In many projects the data is not all in one table. You often have different tables for different things.

  • One table has events or sales (like flights, tickets, orders).
  • Another table has extra information (like seat loads, targets, customers).

If you look at them separate, you don’t see the whole story. You need to join them together. A join is simply a way to combine two tables into one.

If you used SQL before, the idea is the same. The only difference is in Tableau Prep you can drag and drop instead of writing code.

What is a Join?

A join connects rows from two tables using one or more columns that have the same type of data. These columns are called keys.

Example:

  • Flights Table → has flight details (Flight Number, Month, Class, Price)
  • Targets Table → has targets per month and class (Month, Class, Load %)

Both tables have Month and Class. If you join on these fields, you can add the target value to each flight.

Types of Joins in Tableau Prep

When you create a join in Prep, you see a Venn diagram. There are four types:

1. Inner Join

  • Keeps only rows that match in both tables.

2. Left Join

  • Keeps all rows from the left table. Adds data from the right if it matches.

3. Right Join

  • Keeps all rows from the right table. Adds data from the left if it matches.

4. Full Outer Join

  • Keeps all rows from both tables. Missing values show as NULL.

Picking Good Join Keys

The join key is very important. It is the thing that connects rows from both tables.

Good keys:

  1. Must exist in both tables.
  2. Must mean the same thing. (Customer ID to Customer ID is good. Customer ID to Booking ID is wrong.)
  3. Must be at the right level.
    • Want per customer? Use Customer ID.
    • Want per flight? Use Flight Number + Date.
    • Want per class per month? Use Month + Class.
  1. Avoid many-to-many joins. They can create extra rows you don’t want.

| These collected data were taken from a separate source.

lemma integral_Gamma_add_ball_le:
  fixes w :: "nat \<Rightarrow> real"
  assumes W: "weight_dist W lam S" and "0 \<le> S" and a: "0 < a" "a \<le> lam / 2"
    and "k < n" and Nw: "\<forall>i<n. 0 < Nw i"
  defines "N \<equiv> real (total_bin_weight n Nw)"
    and "e \<equiv> \<lambda>j. exp (a * norm_value n Nw w j)" and "f \<equiv> \<lambda>j. exp (- a * norm_value n Nw w j)"
  shows "(\<integral>x. Gamma a (slot_vector n Nw (add_ball w k x)) \<partial>W)
    \<le> (\<Sum>j<n. real (Nw j) * (e j + f j)) - a / N * (\<Sum>j<n. real (Nw j) * (e j - f j))
       + S * a\<^sup>2 / N\<^sup>2 * (\<Sum>j<n. real (Nw j) * (e j + f j)) + (a * (e k - f k) + S * a\<^sup>2 * (e k + f k))"
proof -
  have "real (Nw j) * (e j * mgf W (a * value_shift n Nw k j) + f j * mgf W (- (a * value_shift n Nw k j)))
      \<le> real (Nw j) * (e j + f j) - a / N * (real (Nw j) * (e j - f j)) + S * a\<^sup>2 / N\<^sup>2 * (real (Nw j) * (e j + f j))
        + (if j = k then a * (e j - f j) + S * a\<^sup>2 * (e j + f j) else 0)"
    if "j < n" for j
  proof -
    have "\<bar>a * value_shift n Nw k j\<bar> \<le> lam / 2"
      using abs_scaled_value_shift_le[OF Nw \<open>j < n\<close>, of a k] a by simp
    then have "mgf W (a * value_shift n Nw k j) \<le> 1 + a * value_shift n Nw k j + S * (a * value_shift n Nw k j)\<^sup>2"
      "mgf W (- (a * value_shift n Nw k j)) \<le> 1 + - (a * value_shift n Nw k j) + S * (- (a * value_shift n Nw k j))\<^sup>2"
      using mgf_le_quadratic[OF W, of "a * value_shift n Nw k j"]
        mgf_le_quadratic[OF W, of "- (a * value_shift n Nw k j)"] by simp_all
    then have "real (Nw j) * (e j * mgf W (a * value_shift n Nw k j) + f j * mgf W (- (a * value_shift n Nw k j)))
      \<le> real (Nw j) * (e j * (1 + a * value_shift n Nw k j + S * (a * value_shift n Nw k j)\<^sup>2)
        + f j * (1 + - (a * value_shift n Nw k j) + S * (- (a * value_shift n Nw k j))\<^sup>2))"
      unfolding e_def f_def by (intro mult_left_mono add_mono) auto
    also have "\<dots> \<le> real (Nw j) * (e j + f j) - a / N * (real (Nw j) * (e j - f j))
        + S * a\<^sup>2 / N\<^sup>2 * (real (Nw j) * (e j + f j)) + (if j = k then a * (e j - f j) + S * a\<^sup>2 * (e j + f j) else 0)"
      unfolding value_shift_def N_def using Nw \<open>j < n\<close> bin_weight_le_total[OF \<open>j < n\<close>] a \<open>0 \<le> S\<close>
      by (intro shifted_bin_contribution_le) (auto simp: e_def f_def Suc_le_eq)
    finally show ?thesis .
  qed
  then have "(\<integral>x. Gamma a (slot_vector n Nw (add_ball w k x)) \<partial>W)
      \<le> (\<Sum>j<n. real (Nw j) * (e j + f j) - a / N * (real (Nw j) * (e j - f j))
        + S * a\<^sup>2 / N\<^sup>2 * (real (Nw j) * (e j + f j)) + (if j = k then a * (e j - f j) + S * a\<^sup>2 * (e j + f j) else 0))"
    unfolding integral_Gamma_add_ball[OF W a \<open>k < n\<close> Nw] e_def f_def by (intro sum_mono) auto
  also have "\<dots> = (\<Sum>j<n. real (Nw j) * (e j + f j)) - a / N * (\<Sum>j<n. real (Nw j) * (e j - f j))
      + S * a\<^sup>2 / N\<^sup>2 * (\<Sum>j<n. real (Nw j) * (e j + f j)) + (a * (e k - f k) + S * a\<^sup>2 * (e k + f k))"
    using \<open>k < n\<close> by (simp add: sum.distrib sum_subtractf sum_distrib_left)
  finally show ?thesis .
qed

section \<open>Two choices under a biased distribution\<close>

lemma chosen_bin_cases: "chosen_bin Nw w tb i j = i \<or> chosen_bin Nw w tb i j = j"
  unfolding chosen_bin_def by auto

lemma mono_chosen_bin:
  fixes G :: "real \<Rightarrow> real"
  assumes "mono G"
  shows "G (bin_value Nw w (chosen_bin Nw w tb i j)) = min (G (bin_value Nw w i)) (G (bin_value Nw w j))"
  using monoD[OF assms, of "bin_value Nw w i" "bin_value Nw w j"] monoD[OF assms, of "bin_value Nw w j" "bin_value Nw w i"]
  unfolding chosen_bin_def by (auto simp: min_def)

lemma double_sum_prob_const:
  fixes p :: "'i \<Rightarrow> real"
  assumes "sum p I = 1"
  shows "(\<Sum>i\<in>I. \<Sum>j\<in>I. p i * p j * K) = K"
proof -
  have "(\<Sum>i\<in>I. \<Sum>j\<in>I. p i * p j * K) = (\<Sum>i\<in>I. p i * K * sum p I)"
    by (simp add: sum_distrib_left sum_distrib_right mult_ac)
  then show ?thesis using assms by (simp flip: sum_distrib_right)
qed

lemma double_sum_prob_add:
  fixes p g :: "'i \<Rightarrow> real"
  assumes "sum p I = 1"
  shows "(\<Sum>i\<in>I. \<Sum>j\<in>I. p i * p j * (g i + g j)) = 2 * (\<Sum>i\<in>I. p i * g i)"
proof -
  have "(\<Sum>i\<in>I. \<Sum>j\<in>I. p i * p j * g i) = (\<Sum>i\<in>I. p i * g i)"
    using assms by (simp add: mult_ac flip: sum_distrib_left sum_distrib_right)
  moreover have "(\<Sum>i\<in>I. \<Sum>j\<in>I. p i * p j * g j) = (\<Sum>j\<in>I. p j * g j)"
    using assms by (simp add: mult.assoc flip: sum_distrib_left sum_distrib_right)
  ultimately show ?thesis by (simp add: distrib_left sum.distrib)
qed

lemma two_choice_expectation:
  fixes G :: "real \<Rightarrow> real" and p w :: "nat \<Rightarrow> real" and Nw :: "nat \<Rightarrow> nat"
  assumes "mono G" and "sum p I = 1"
  defines "g \<equiv> \<lambda>i. G (bin_value Nw w i)"
  shows "(\<Sum>i\<in>I. \<Sum>j\<in>I. p i * p j * g (chosen_bin Nw w tb i j))
    = (\<Sum>i\<in>I. p i * g i) - 1/2 * (\<Sum>i\<in>I. \<Sum>j\<in>I. p i * p j * \<bar>g i - g j\<bar>)"
proof -
  have "min u v = (u + v) / 2 - \<bar>u - v\<bar> / 2" for u v :: real
    by (simp add: min_def abs_if field_simps)
  then have chosen: "g (chosen_bin Nw w tb i j) = (g i + g j) / 2 - \<bar>g i - g j\<bar> / 2" for i j
    unfolding g_def mono_chosen_bin[OF \<open>mono G\<close>] by simp
  have "(\<Sum>i\<in>I. \<Sum>j\<in>I. p i * p j * g (chosen_bin Nw w tb i j))
      = (\<Sum>i\<in>I. \<Sum>j\<in>I. 1/2 * (p i * p j * (g i + g j)) - 1/2 * (p i * p j * \<bar>g i - g j\<bar>))"
    unfolding chosen by (intro sum.cong refl) (simp add: field_simps)
  also have "\<dots> = 1/2 * (\<Sum>i\<in>I. \<Sum>j\<in>I. p i * p j * (g i + g j))
      - 1/2 * (\<Sum>i\<in>I. \<Sum>j\<in>I. p i * p j * \<bar>g i - g j\<bar>)"
    by (simp only: sum_subtractf sum_distrib_left)
  finally have "(\<Sum>i\<in>I. \<Sum>j\<in>I. p i * p j * g (chosen_bin Nw w tb i j))
      = 1/2 * (\<Sum>i\<in>I. \<Sum>j\<in>I. p i * p j * (g i + g j))
        - 1/2 * (\<Sum>i\<in>I. \<Sum>j\<in>I. p i * p j * \<bar>g i - g j\<bar>)" .
  then show ?thesis using double_sum_prob_add[OF \<open>sum p I = 1\<close>, of g] by simp
qed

Example: Flights + Seat Loads

Flights Table

Month Class Flight Price
10 BC PA005 960
10 EC PA009 700

Loads Table

Month Class Load %
10 BC 39
10 EC 18

Correct join key: Month + Class

Month Class Flight Price Load %
10 BC PA005 960 39
10 EC PA009 700 18

Wrong join key: Month only

Month Flight Price Class (Flights) Class (Loads) Load %
10 PA005 960 BC BC 39
10 PA005 960 BC EC 18
10 PA009 700 EC BC 39
10 PA009 700 EC EC 18

Here you see every flight matched with both classes. Extra rows appear that should not exist.

How to Check in Tableau Prep

Prep helps you see if something is wrong:

  • The join step shows how many rows matched and how many did not.
  • If too many unmatched rows → maybe wrong key.
  • If row count is much bigger than expected → probably a many-to-many join.

Always check the join results before moving forward.

Summary

  • Joins combine data from different tables.
  • The join type decides which rows stay.
  • The join key decides how rows match.
  • Wrong keys can create too many rows.
  • Always check your join in Tableau Prep to be sure it makes sense.